Use `X_test` as an input to the classifer to get out `y_pred`. We can use the `classification_report` and `confusion_matrix` from scikit-learn to get an idea of how well we are performing.

In [None]:
y_pred = clf.predict(X_test)

In [None]:
print (classification_report(y_test, y_pred))
print ("Overall Accuracy: ", round(accuracy_score(y_test, y_pred), 2))

In [None]:
mat = confusion_matrix(y_test, y_pred) 
print (mat)

Not bad, but we only ran 100 trees... if we create more than 100 trees, do we get better accuracy? Where does it stop being worth making more trees?
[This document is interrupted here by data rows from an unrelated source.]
lemma homog_weighted_scale:
  fixes h :: "int poly" and a b q :: int
  assumes deg: "\<tau> * degree h \<le> k"
  shows "homog h k \<tau> (q ^ \<tau> * a) (q * b) = q ^ k * homog h k \<tau> a b"
  unfolding homog_def sum_distrib_left
proof (rule sum.cong)
  fix i assume "i \<in> {..degree h}"
  then have "k = \<tau> * i + (k - \<tau> * i)"
    using deg by (metis atMost_iff le_add_diff_inverse mult_le_mono2 order_trans)
  then have "q ^ k = (q ^ \<tau>) ^ i * q ^ (k - \<tau> * i)"
    by (metis power_add power_mult)
  then show "coeff h i * (q ^ \<tau> * a) ^ i * (q * b) ^ (k - \<tau> * i) =
         q ^ k * (coeff h i * a ^ i * b ^ (k - \<tau> * i))"
    by (simp add: power_mult_distrib algebra_simps)
qed simp

lemma homog_split_top:
  assumes "\<tau> * degree h = K"
  shows "homog h K \<tau> a b =
           (\<Sum>i<degree h. coeff h i * a ^ i * b ^ (K - \<tau> * i)) + lead_coeff h * a ^ degree h"
  using assms by (simp add: homog_def lessThan_Suc_atMost[symmetric])

lemma homog_top_term_not_dvd:
  fixes h :: "int poly" and p a b :: int
  assumes p: "prime p" and hK: "\<tau> * degree h = K" and h: "h \<noteq> 0"
    and a: "a \<noteq> 0" and \<alpha>: "multiplicity p a < \<tau>"
    and b: "p ^ Suc (multiplicity p (lead_coeff h)) dvd b"
  shows "\<not> p ^ Suc (degree h * multiplicity p a + multiplicity p (lead_coeff h))
            dvd homog h K \<tau> a b" (is "\<not> ?dvd")
proof
  define \<alpha> \<gamma> d where "\<alpha> = multiplicity p a" and "\<gamma> = multiplicity p (lead_coeff h)"
    and "d = degree h"
  define N where "N = Suc (d * \<alpha> + \<gamma>)"
  assume ?dvd
  then have H: "p ^ N dvd homog h K \<tau> a b"
    by (simp add: N_def \<alpha>_def \<gamma>_def d_def)
  have "p ^ N dvd coeff h i * a ^ i * b ^ (K - \<tau> * i)" if i: "i < d" for i
  proof -
    have "(\<alpha> + 1) * (d - i) \<le> \<tau> * (d - i)"
      using \<alpha> by (intro mult_le_mono1) (simp add: \<alpha>_def)
    also have "\<dots> = K - \<tau> * i"
      using hK by (simp add: d_def diff_mult_distrib2)
    finally have "(\<gamma> + 1) * ((\<alpha> + 1) * (d - i)) \<le> (\<gamma> + 1) * (K - \<tau> * i)"
      by (rule mult_le_mono2)
    moreover have "N \<le> i * \<alpha> + (\<gamma> + 1) * ((\<alpha> + 1) * (d - i))"
    proof -
      obtain e where e: "d = i + Suc e" using i less_iff_Suc_add by auto
      show ?thesis unfolding N_def e by (simp add: algebra_simps)
    qed
    ultimately have N: "N \<le> i * \<alpha> + Suc \<gamma> * (K - \<tau> * i)"
      by simp
    have "p ^ (i * \<alpha>) dvd a ^ i"
      by (metis \<alpha>_def dvd_power_same multiplicity_dvd mult.commute power_mult)
    moreover have "p ^ (Suc \<gamma> * (K - \<tau> * i)) dvd b ^ (K - \<tau> * i)"
      using dvd_power_same[OF b] by (simp only: \<gamma>_def power_mult)
    ultimately have "p ^ (i * \<alpha> + Suc \<gamma> * (K - \<tau> * i)) dvd a ^ i * b ^ (K - \<tau> * i)"
      unfolding power_add by (rule mult_dvd_mono)
    then have "p ^ N dvd a ^ i * b ^ (K - \<tau> * i)"
      using N le_imp_power_dvd dvd_trans by blast
    then show ?thesis
      by (simp add: mult.assoc)
  qed
  then have lower: "p ^ N dvd (\<Sum>i<d. coeff h i * a ^ i * b ^ (K - \<tau> * i))"
    by (auto intro: dvd_sum)
  have "multiplicity p (lead_coeff h * a ^ d) = \<gamma> + d * \<alpha>"
    using prime_imp_prime_elem[OF p] a h
    by (simp add: \<alpha>_def \<gamma>_def prime_elem_multiplicity_mult_distrib
        prime_elem_multiplicity_power_distrib)
  then have "\<not> p ^ N dvd lead_coeff h * a ^ d"
    using p a h by (subst power_dvd_iff_le_multiplicity) (auto simp: N_def)
  then show False
    using H lower homog_split_top[OF hK] by (simp add: d_def dvd_add_right_iff)
qed

lemma homog_bezout:
  fixes f g u v :: "int poly" and R a b :: int
  assumes bezout: "\<And>t::rat. poly (map_poly of_int u) t * poly (map_poly of_int f) t
                      + poly (map_poly of_int v) t * poly (map_poly of_int g) t = of_int R"
    and df: "\<tau> * degree f \<le> Kf" and dg: "\<tau> * degree g \<le> Kg"
    and du: "\<tau> * degree u + Kf \<le> M" and dv: "\<tau> * degree v + Kg \<le> M" and b: "b \<noteq> 0"
  shows "homog u (M - Kf) \<tau> a b * homog f Kf \<tau> a b + homog v (M - Kg) \<tau> a b * homog g Kg \<tau> a b
           = R * b ^ M"
proof -
  define t where "t = (of_int a / of_int b ^ \<tau> :: rat)"
  have du': "\<tau> * degree u \<le> M - Kf" and dv': "\<tau> * degree v \<le> M - Kg"
    using du dv by simp_all
  have bf: "(of_int b :: rat) ^ (M - Kf) * of_int b ^ Kf = of_int b ^ M"
    and bg: "(of_int b :: rat) ^ (M - Kg) * of_int b ^ Kg = of_int b ^ M"
    using du dv by (simp_all flip: power_add)
  have "(of_int (homog u (M - Kf) \<tau> a b * homog f Kf \<tau> a b
                + homog v (M - Kg) \<tau> a b * homog g Kg \<tau> a b) :: rat)
        = of_int b ^ (M - Kf) * poly (map_poly of_int u) t * (of_int b ^ Kf * poly (map_poly of_int f) t)
          + of_int b ^ (M - Kg) * poly (map_poly of_int v) t * (of_int b ^ Kg * poly (map_poly of_int g) t)"
    by (simp only: of_int_add of_int_mult homog_eq_scaled_poly[OF b] df dg du' dv' t_def)
  also have "\<dots> = (of_int b ^ (M - Kf) * of_int b ^ Kf)
                      * (poly (map_poly of_int u) t * poly (map_poly of_int f) t)
                    + (of_int b ^ (M - Kg) * of_int b ^ Kg)
                      * (poly (map_poly of_int v) t * poly (map_poly of_int g) t)"
    by (simp only: mult_ac)
  also have "\<dots> = of_int (R * b ^ M)"
    by (simp only: bf bg bezout flip: distrib_left) simp
  finally show ?thesis
    by (simp only: of_int_eq_iff)
qed

lemma homog_common_divisor:
  fixes f g :: "int poly"
  assumes "coprime (map_poly of_int f :: rat poly) (map_poly of_int g)"
    and df: "\<tau> * degree f \<le> Kf" and dg: "\<tau> * degree g \<le> Kg"
  obtains R :: int and M :: nat where "R \<noteq> 0" and
    "\<And>a b d. b \<noteq> 0 \<Longrightarrow> d dvd homog f Kf \<tau> a b \<Longrightarrow> d dvd homog g Kg \<tau> a b
       \<Longrightarrow> d dvd R * b ^ M"
proof -
  obtain R u v where R: "R \<noteq> 0" and bezout:
    "\<And>t::rat. poly (map_poly of_int u) t * poly (map_poly of_int f) t
                + poly (map_poly of_int v) t * poly (map_poly of_int g) t = of_int R"
    using coprime_int_poly_bezout[OF assms(1)] by metis
  define M where "M = \<tau> * (degree u + degree v) + Kf + Kg"
  have du: "\<tau> * degree u + Kf \<le> M" and dv: "\<tau> * degree v + Kg \<le> M"
    by (simp_all add: M_def add_mult_distrib2)
  have "d dvd R * b ^ M"
    if "b \<noteq> 0" "d dvd homog f Kf \<tau> a b" "d dvd homog g Kg \<tau> a b" for a b d
  proof -
    have "d dvd homog u (M - Kf) \<tau> a b * homog f Kf \<tau> a b
                + homog v (M - Kg) \<tau> a b * homog g Kg \<tau> a b"
      using that(2,3) by (intro dvd_add dvd_mult)
    then show ?thesis
      by (simp only: homog_bezout[OF bezout df dg du dv \<open>b \<noteq> 0\<close>])
  qed
  with R show thesis by (rule that)
qed

definition reduced_at :: "int \<Rightarrow> nat \<Rightarrow> int \<Rightarrow> int \<Rightarrow> bool" where
  "reduced_at p \<tau> a b \<longleftrightarrow> \<not> (p ^ \<tau> dvd a \<and> p dvd b)"

lemma reduced_at_multiplicity_less:
  assumes "reduced_at p \<tau> a b" and "p dvd b"
  shows "a \<noteq> 0" and "multiplicity p a < \<tau>"
proof -
  have "\<not> p ^ \<tau> dvd a"
    using assms by (simp add: reduced_at_def)
  then show "a \<noteq> 0" and "multiplicity p a < \<tau>"
    by (auto simp: not_less[symmetric] intro: multiplicity_dvd')
qed

lemma reduced_exponent_bound:
  fixes h :: "int poly" and p a b R :: int
  assumes p: "prime p" and red: "reduced_at p \<tau> a b"
    and hK: "\<tau> * degree h = K" and h: "h \<noteq> 0" and R: "R \<noteq> 0"
    and H: "p ^ j dvd homog h K \<tau> a b" and common: "b \<noteq> 0 \<Longrightarrow> p ^ j dvd R * b ^ M"
  shows "j \<le> multiplicity p (R * lead_coeff h ^ Suc M) + K"
proof -
  define \<gamma> where "\<gamma> = multiplicity p (lead_coeff h)"
  have pe: "prime_elem p" using p by (rule prime_imp_prime_elem)
  have bound: "multiplicity p (R * lead_coeff h ^ Suc M) = multiplicity p R + Suc M * \<gamma>"
    using pe R h by (simp add: \<gamma>_def prime_elem_multiplicity_mult_distrib
        prime_elem_multiplicity_power_distrib)
  have via_common: "j \<le> multiplicity p R + M * multiplicity p b" if "b \<noteq> 0"
  proof -
    have "j \<le> multiplicity p (R * b ^ M)"
      using common[OF that] R that p by (intro multiplicity_geI) (auto simp: not_prime_unit)
    also have "\<dots> = multiplicity p R + M * multiplicity p b"
      using pe R that by (simp add: prime_elem_multiplicity_mult_distrib
          prime_elem_multiplicity_power_distrib)
    finally show ?thesis .
  qed
  consider (coprime) "\<not> p dvd b" | (deep) "p ^ Suc \<gamma> dvd b" | (shallow) "p dvd b" "\<not> p ^ Suc \<gamma> dvd b"
    by blast
  then show ?thesis
  proof cases
    case coprime
    then have "b \<noteq> 0" by auto
    then have "j \<le> multiplicity p R"
      using via_common coprime by (simp add: not_dvd_imp_multiplicity_0)
    then show ?thesis
      unfolding bound by simp
  next
    case deep
    then have "p dvd b" by (rule dvd_trans[rotated]) simp
    note a = reduced_at_multiplicity_less[OF red this]
    have "\<not> p ^ Suc (degree h * multiplicity p a + \<gamma>) dvd homog h K \<tau> a b"
      using homog_top_term_not_dvd[OF p hK h a] deep by (simp add: \<gamma>_def)
    then have "j \<le> degree h * multiplicity p a + \<gamma>"
      using H le_imp_power_dvd dvd_trans by (metis not_less_eq_eq)
    moreover have "degree h * multiplicity p a \<le> K"
      using a(2) hK by (metis less_imp_le_nat mult.commute mult_le_mono1)
    ultimately show ?thesis
      unfolding bound by simp
  next
    case shallow
    then have "b \<noteq> 0" by auto
    have "multiplicity p b \<le> \<gamma>"
      using shallow(2) multiplicity_dvd' by (metis not_less_eq_eq)
    then have "M * multiplicity p b \<le> Suc M * \<gamma>"
      by (intro mult_le_mono) simp_all
    then show ?thesis
      using via_common[OF \<open>b \<noteq> 0\<close>] unfolding bound by simp
  qed
qed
Create a plot for different values from 100 to 1000 trees. This may take a while!!


In [None]:
# Range of `n_estimators` values to explore.
min_estimators = 100
max_estimators = 1000

error_rate = []

for i in range(min_estimators, max_estimators + 1, 50):
    clf.set_params(n_estimators=i)
    clf.fit(X_train, y_train)
    y_pred = clf.predict(X_test)
    
    error_rate.append( 1 - accuracy_score(y_test, y_pred))

# Generate the "OOB error rate" vs. "n_estimators" plot.
plt.plot(range(min_estimators, max_estimators + 1, 50), error_rate)
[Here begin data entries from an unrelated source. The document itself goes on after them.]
(* Let $s\ge 1$ and $n>1$ be integers, and let $A$ be a commutative ring with identity in which $-1$ is not a sum of squares. Then $p_{2s}(A[x_1,\dots,x_n])=\infty$.
   Context: For a commutative ring $A$ with identity and a positive integer $m$, the $m$-th Pythagoras number $p_m(A)$ is the least positive integer $\ell$ such that every element of $A$ that is a sum of $m$-th powers of elements of $A$ can be written as a sum of at most $\ell$ $m$-th powers of elements of $A$; if no such $\ell$ exists, $p_m(A)=\infty$. *)

theory Defs
  imports Main "HOL-Library.Poly_Mapping" "HOL-Library.Extended_Nat"
begin

text \<open>Pythagoras numbers of a subring S of a commutative ring (the ring A itself is S = UNIV).\<close>

definition sum_of_powers_len :: "'a::comm_ring_1 set \<Rightarrow> nat \<Rightarrow> nat \<Rightarrow> 'a \<Rightarrow> bool" where
  "sum_of_powers_len S m l y \<longleftrightarrow> (\<exists>f. (\<forall>i<l. f i \<in> S) \<and> y = (\<Sum>i<l. f i ^ m))"

definition sum_of_powers :: "'a::comm_ring_1 set \<Rightarrow> nat \<Rightarrow> 'a \<Rightarrow> bool" where
  "sum_of_powers S m y \<longleftrightarrow> (\<exists>l. sum_of_powers_len S m l y)"

definition pythagoras_number :: "'a::comm_ring_1 set \<Rightarrow> nat \<Rightarrow> enat" where
  "pythagoras_number S m =
     (if \<exists>l>0. \<forall>y. y \<in> S \<and> sum_of_powers S m y \<longrightarrow> (\<exists>k\<le>l. sum_of_powers_len S m k y)
      then enat (LEAST l. l > 0 \<and> (\<forall>y. y \<in> S \<and> sum_of_powers S m y \<longrightarrow> (\<exists>k\<le>l. sum_of_powers_len S m k y)))
      else \<infinity>)"

text \<open>The polynomial ring A[x_1,...,x_n] is the subring of polynomials only involving
  the variables with index < n (variable x_i has index i-1).\<close>

type_synonym 'a mpoly_pm = "(nat \<Rightarrow>\<^sub>0 nat) \<Rightarrow>\<^sub>0 'a"

definition poly_ring_n :: "nat \<Rightarrow> 'a::comm_ring_1 mpoly_pm set" where
  "poly_ring_n n = {p. \<forall>mon \<in> Poly_Mapping.keys p. Poly_Mapping.keys mon \<subseteq> {..<n}}"

end

theory Submission
  imports Defs "Jordan_Normal_Form.Determinant" "Jordan_Normal_Form.Char_Poly"
begin

text \<open>Let \<open>P\<close> be an ideal of \<open>A\<close> maximal among those avoiding \<open>1 + \<Sigma>A\<^sup>2\<close>. Since \<open>-1\<close>
  is not a sum of squares, \<open>P\<close> is prime and \<open>B = A/P\<close> is a real domain: a vanishing sum of
  squares in \<open>B\<close> has vanishing terms. Let \<open>L i\<close> vanish at the nodes \<open>0, \<dots>, N - 1\<close> except \<open>i\<close>
  and suppose \<open>\<Sigma>\<^sub>i (L i (x\<^sub>1) L i (x\<^sub>2))^(2s) = \<Sigma>\<^sub>j\<^sub><\<^sub>l g\<^sub>j^(2s)\<close>. Mapped to \<open>B[x, y]\<close>,
  realness forces \<open>g\<^sub>j(a, y) = c j a \<cdot> L a (y)\<close> and \<open>g\<^sub>j(x, b) = c j b \<cdot> L b (x)\<close> at all nodes.
  Differentiating in \<open>x\<close> at \<open>x = a\<close> and evaluating at \<open>y = b \<noteq> a\<close> gives
  \<open>\<Sigma>\<^sub>j c j a^(2s - 1) c j b = 0\<close>, whereas \<open>\<Sigma>\<^sub>j c j a^(2s) \<noteq> 0\<close>. Hence a product of an
  \<open>N \<times> l\<close> and an \<open>l \<times> N\<close> matrix is an invertible diagonal matrix, so \<open>N \<le> l\<close>; as \<open>N\<close> is
  arbitrary, no bound on the number of \<open>2s\<close>-th powers exists.\<close>

(* HOL-Algebra's module.smult would otherwise shadow the polynomial smult *)
hide_const (open) module.smult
plt.xlim(min_estimators, max_estimators)
plt.xlabel("n_estimators")
plt.ylabel("OOB error rate")
plt.legend(loc="upper right")
plt.show()


The `RandomForestClassifier` calculates a feature importance for each of the inputs. We can visualize these using seaborn barplot.

In [None]:
importance = clf.feature_importances_

In [None]:
sns.barplot(x = importance, y = X.columns)
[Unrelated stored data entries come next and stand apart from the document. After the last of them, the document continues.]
(* Let $\lambda>0$, $\lambda_{max}>0$, $p\in(0,1)$, let $B\ge1$ be an integer, and let $f_B:[0,1]\to\mathbb{R}$ be as defined in the context. For $q,\tilde q\in[0,1]$ let $\mathrm{TH}_B(q,\tilde q)=f_B(q)\exp\!\big(-\frac{\lambda f_B(\tilde q)}{\lambda_{max}}\big)$, and call $q^*\in[0,1]$ a symmetric Nash equilibrium (SNE) if $\mathrm{TH}_B(q^*,q^* )=\max_{q\in[0,1]}\mathrm{TH}_B(q,q^* )$. Then $q^*=1$ is an SNE. At any SNE $q^*$, $\mathrm{TH}_B(q^*,q^* )=p\exp\!\big(-\frac{p\lambda}{\lambda_{max}}\big)$ and the transmission capacity $C=\lambda\,\mathrm{TH}_B(q^*,q^* )$ equals $\lambda p\exp\!\big(-\frac{p\lambda}{\lambda_{max}}\big)$.
   Context: For $q\in(0,1]$ define $r_B(q)$ by: if $B=1$, $r_1(q)=\frac{p}{p+q-pq}$; if $B>1$ and $q\ne p$, $r_B(q)=\frac{\frac{p}{q}(1-\rho^B)}{1-\frac{p}{q}\rho^B}$ with $\rho=\frac{p(1-q)}{q(1-p)}$; if $B>1$ and $q=p$, $r_B(p)=\frac{B}{B+1-p}$. Set $f_B(q)=q\,r_B(q)$ for $q\in(0,1]$ and $f_B(0)=0$. Interpretation: transmitters form a homogeneous Poisson point process of density $\lambda$ in $\mathbb{R}^2$, harvest one energy unit per slot with probability $p$ into a battery of capacity $B$, and transmit with their own ALOHA probability when the battery is nonempty; $\mathrm{TH}_B(q,\tilde q)$ is the throughput of a transmitter using $q$ when all others use $\tilde q$; $\lambda_{max}=\frac{1}{d^2\theta^{2/\alpha}\kappa(\alpha)}$, $\kappa(\alpha)=\frac{2\pi^2}{\alpha\sin(2\pi/\alpha)}$. *)

theory Defs
  imports Complex_Main
begin

definition rB :: "nat \<Rightarrow> real \<Rightarrow> real \<Rightarrow> real" where
  "rB B p q =
    (if B = 1 then p / (p + q - p * q)
     else if q = p then real B / (real B + 1 - p)
     else (let \<rho> = p * (1 - q) / (q * (1 - p))
           in ((p / q) * (1 - \<rho> ^ B)) / (1 - (p / q) * \<rho> ^ B)))"

definition fB :: "nat \<Rightarrow> real \<Rightarrow> real \<Rightarrow> real" where
  "fB B p q = (if q = 0 then 0 else q * rB B p q)"

definition TH :: "nat \<Rightarrow> real \<Rightarrow> real \<Rightarrow> real \<Rightarrow> real \<Rightarrow> real \<Rightarrow> real" where
  "TH B p lam lmax q qt = fB B p q * exp (- (lam * fB B p qt / lmax))"

definition SNE :: "nat \<Rightarrow> real \<Rightarrow> real \<Rightarrow> real \<Rightarrow> real \<Rightarrow> bool" where
  "SNE B p lam lmax qs \<longleftrightarrow> qs \<in> {0..1} \<and>
     (\<forall>q\<in>{0..1}. TH B p lam lmax q qs \<le> TH B p lam lmax qs qs)"

end

theory Submission
  imports Defs
begin

text \<open>Against a fixed opponent profile the throughput is the effective transmission rate
  \<open>fB q\<close> times a positive constant, so best responses maximise \<open>fB\<close> on \<open>[0,1]\<close>. Since a
  transmitter can never send more often than it harvests energy, \<open>fB q \<le> p\<close>, and \<open>q = 1\<close>
  attains \<open>p\<close>. Hence the SNE are exactly the \<open>q\<close> with \<open>fB q = p\<close>, and the equilibrium
  throughput is \<open>p exp (-\<lambda> p / \<lambda>\<^sub>m\<^sub>a\<^sub>x)\<close>.\<close>

lemma one_minus_power_div_le_one:
  fixes s r :: real
  assumes "(s < 1 \<and> 0 \<le> r \<and> r < 1) \<or> (1 < s \<and> 1 < r)" and "B \<ge> 1"
  shows "(1 - r ^ B) / (1 - s * r ^ B) \<le> 1"
proof (cases "s < 1")
  case True
  with assms have r: "0 \<le> r" "r < 1" by auto
  have "r ^ B < 1" using r assms(2) by (simp add: power_less_one_iff)
  moreover have "s * r ^ B \<le> r ^ B"
    using mult_right_mono[of s 1 "r ^ B"] True r by simp
  ultimately show ?thesis by (simp add: divide_le_eq)
next
  case False
  with assms have s: "1 < s" and r: "1 < r" by auto
  have "1 < r ^ B" using r assms(2) by (simp add: one_less_power)
  moreover have "1 < s * r ^ B"
    using s \<open>1 < r ^ B\<close> by (rule less_1_mult)
  ultimately show ?thesis using s by (simp add: divide_le_eq)
qed

lemma rho_bounds:
  fixes p q :: real
  assumes "0 < p" "p < 1" "0 < q" "q \<le> 1" "q \<noteq> p"
  defines "\<rho> \<equiv> p * (1 - q) / (q * (1 - p))"
  shows "(p / q < 1 \<and> 0 \<le> \<rho> \<and> \<rho> < 1) \<or> (1 < p / q \<and> 1 < \<rho>)"
proof (cases "p < q")
  case True
  have "p * (1 - q) < q * (1 - p)" using True by (simp add: algebra_simps)
  then show ?thesis using True assms by (simp add: \<rho>_def)
next
  case False
  with assms have "q < p" by simp
  moreover have "q * (1 - p) < p * (1 - q)" using \<open>q < p\<close> by (simp add: algebra_simps)
  ultimately show ?thesis using assms by (simp add: \<rho>_def)
qed

lemma fB_le:
  fixes p q :: real
  assumes "0 < p" "p < 1" "0 \<le> q" "q \<le> 1" "B \<ge> 1"
  shows "fB B p q \<le> p"
proof (cases "q = 0")
  case True
  then show ?thesis using assms by (simp add: fB_def)
next
  case False
  with assms have q: "0 < q" by simp
  consider "B = 1" | "B \<noteq> 1" "q = p" | "B \<noteq> 1" "q \<noteq> p" by blast
  then show ?thesis
  proof cases
    case 1
    have "p * q \<le> q" using assms by (simp add: mult_left_le_one_le)
    then have "q * p \<le> p * (p + q - p * q)"
      using assms by (simp add: algebra_simps mult_left_le_one_le)
    moreover have "0 < p + q - p * q" using \<open>p * q \<le> q\<close> assms by linarith
    ultimately show ?thesis using 1 q by (simp add: fB_def rB_def divide_le_eq)
  next
    case 2
    have "p * (real B / (real B + 1 - p)) \<le> p * 1"
      using assms by (intro mult_left_mono) auto
    then show ?thesis using 2 q by (simp add: fB_def rB_def)
  next
    case 3
    define \<rho> where "\<rho> = p * (1 - q) / (q * (1 - p))"
    have ratio: "(1 - \<rho> ^ B) / (1 - p / q * \<rho> ^ B) \<le> 1"
      using one_minus_power_div_le_one rho_bounds assms q 3(2) unfolding \<rho>_def by blast
    have "fB B p q = p * ((1 - \<rho> ^ B) / (1 - p / q * \<rho> ^ B))"
      using 3 q by (simp add: fB_def rB_def Let_def \<rho>_def[symmetric])
    also have "\<dots> \<le> p" using mult_left_mono[OF ratio] assms by simp
    finally show ?thesis .
  qed
qed

lemma fB_one:
  assumes "B \<ge> 1"
  shows "fB B p 1 = p"
  using assms by (cases "B = 1") (auto simp: fB_def rB_def Let_def zero_power)

lemma SNE_iff_fB_eq:
  fixes p :: real
  assumes "0 < p" "p < 1" "B \<ge> 1"
  shows "SNE B p lam lmax qs \<longleftrightarrow> qs \<in> {0..1} \<and> fB B p qs = p"
proof -
  have TH_mono: "TH B p lam lmax q qs \<le> TH B p lam lmax q' qs \<longleftrightarrow> fB B p q \<le> fB B p q'"
    for q q' by (simp add: TH_def)
  have "SNE B p lam lmax qs \<longleftrightarrow> qs \<in> {0..1} \<and> (\<forall>q\<in>{0..1}. fB B p q \<le> fB B p qs)"
    by (simp add: SNE_def TH_mono)
  also have "\<dots> \<longleftrightarrow> qs \<in> {0..1} \<and> fB B p qs = p"
  proof -
    have le: "fB B p q \<le> p" if "q \<in> {0..1}" for q
      using fB_le[OF assms(1,2) _ _ assms(3)] that by simp
    have "(\<forall>q\<in>{0..1}. fB B p q \<le> fB B p qs) \<longleftrightarrow> p \<le> fB B p qs"
    proof
      assume "\<forall>q\<in>{0..1}. fB B p q \<le> fB B p qs"
      then have "fB B p 1 \<le> fB B p qs" by simp
      then show "p \<le> fB B p qs" by (simp add: fB_one[OF assms(3)])
    qed (use le order_trans in blast)
    then show ?thesis using le[of qs] by auto
  qed
  finally show ?thesis .
qed

theorem theorem4:
  fixes lam lmax p :: real and B :: nat
  assumes "lam > 0" and "lmax > 0" and "0 < p" and "p < 1" and "B \<ge> 1"
  shows "SNE B p lam lmax 1 \<and>
    (\<forall>qs. SNE B p lam lmax qs \<longrightarrow>
       TH B p lam lmax qs qs = p * exp (- (p * lam / lmax)) \<and>
       lam * TH B p lam lmax qs qs = lam * p * exp (- (p * lam / lmax)))"
proof -
  note SNE = SNE_iff_fB_eq[OF assms(3-5)]
  have "SNE B p lam lmax 1"
    using SNE fB_one[OF assms(5)] by simp
  moreover have "TH B p lam lmax qs qs = p * exp (- (p * lam / lmax))"
    if "SNE B p lam lmax qs" for qs
    using that SNE by (simp add: TH_def mult.commute)
  ultimately show ?thesis by simp
qed

end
# (Bonus) Make a 'receiver operating characteristic' (ROC) curve and compare logistic regression and random forest

In [None]:
from sklearn.metrics import roc_curve

In [None]:
clf.set_params(n_estimators = 10000)
clf.fit(X_train, y_train)
log_reg.fit(X_train, y_train)

y_pred_rf = clf.predict_proba(X_test)[:, 1]
fpr_rf, tpr_rf, _ = roc_curve(y_test, y_pred_rf)

y_pred_log_reg = log_reg.predict_proba(X_test)[:, 1]
fpr_log_reg, tpr_log_reg, _ = roc_curve(y_test, y_pred_log_reg)


In [None]:
plt.figure(1)
plt.plot([0, 1], [0, 1], 'k--')
plt.plot(fpr_rf, tpr_rf, label='RF')
plt.plot(fpr_log_reg, tpr_log_reg, label='LogReg')
plt.xlabel('False positive rate')
plt.ylabel('True positive rate')
plt.title('ROC curve')
plt.legend(loc='best')
plt.show()

# (Double Bonus) Multi-label classification

At the beginning of the notebook, we took all of the different grades of heart disease (1,2,3,4) and made them all 1 to represent any type of heart disease.

Use RandomForest to do multi-label classification - how does it do?

In [None]:
heart = pd.read_csv("./processed.cleveland.data.clean", header=None)
X = heart.iloc[:,0:13]
y = heart.iloc[:,-1]

In [None]:
X_train, X_test, y_train, y_test = train_test_split(X, y, test_size=0.33, random_state=42)


In [None]:
clf = RandomForestClassifier(max_depth=2, random_state=0, n_estimators=1000)
clf.fit(X_train, y_train)
y_pred = clf.predict(X_test)
print (classification_report(y_test, y_pred))
print ("Overall Accuracy: ", round(accuracy_score(y_test, y_pred), 2))

print(confusion_matrix(y_test, y_pred))

# Recap

There are _dozens_ of different supervised learning techniques, all with different strengths, weaknesses, and applications.

- We learned two, logistic regression and random forests.
- These models are relatively simple to understand, while still providing great performance. Random Forests provide the additional benefit of being able to model non-linear relationships.
- More important than the models themselves are the principles of training and testing, and model evaluation. These will not change nearly as much as the underlying models!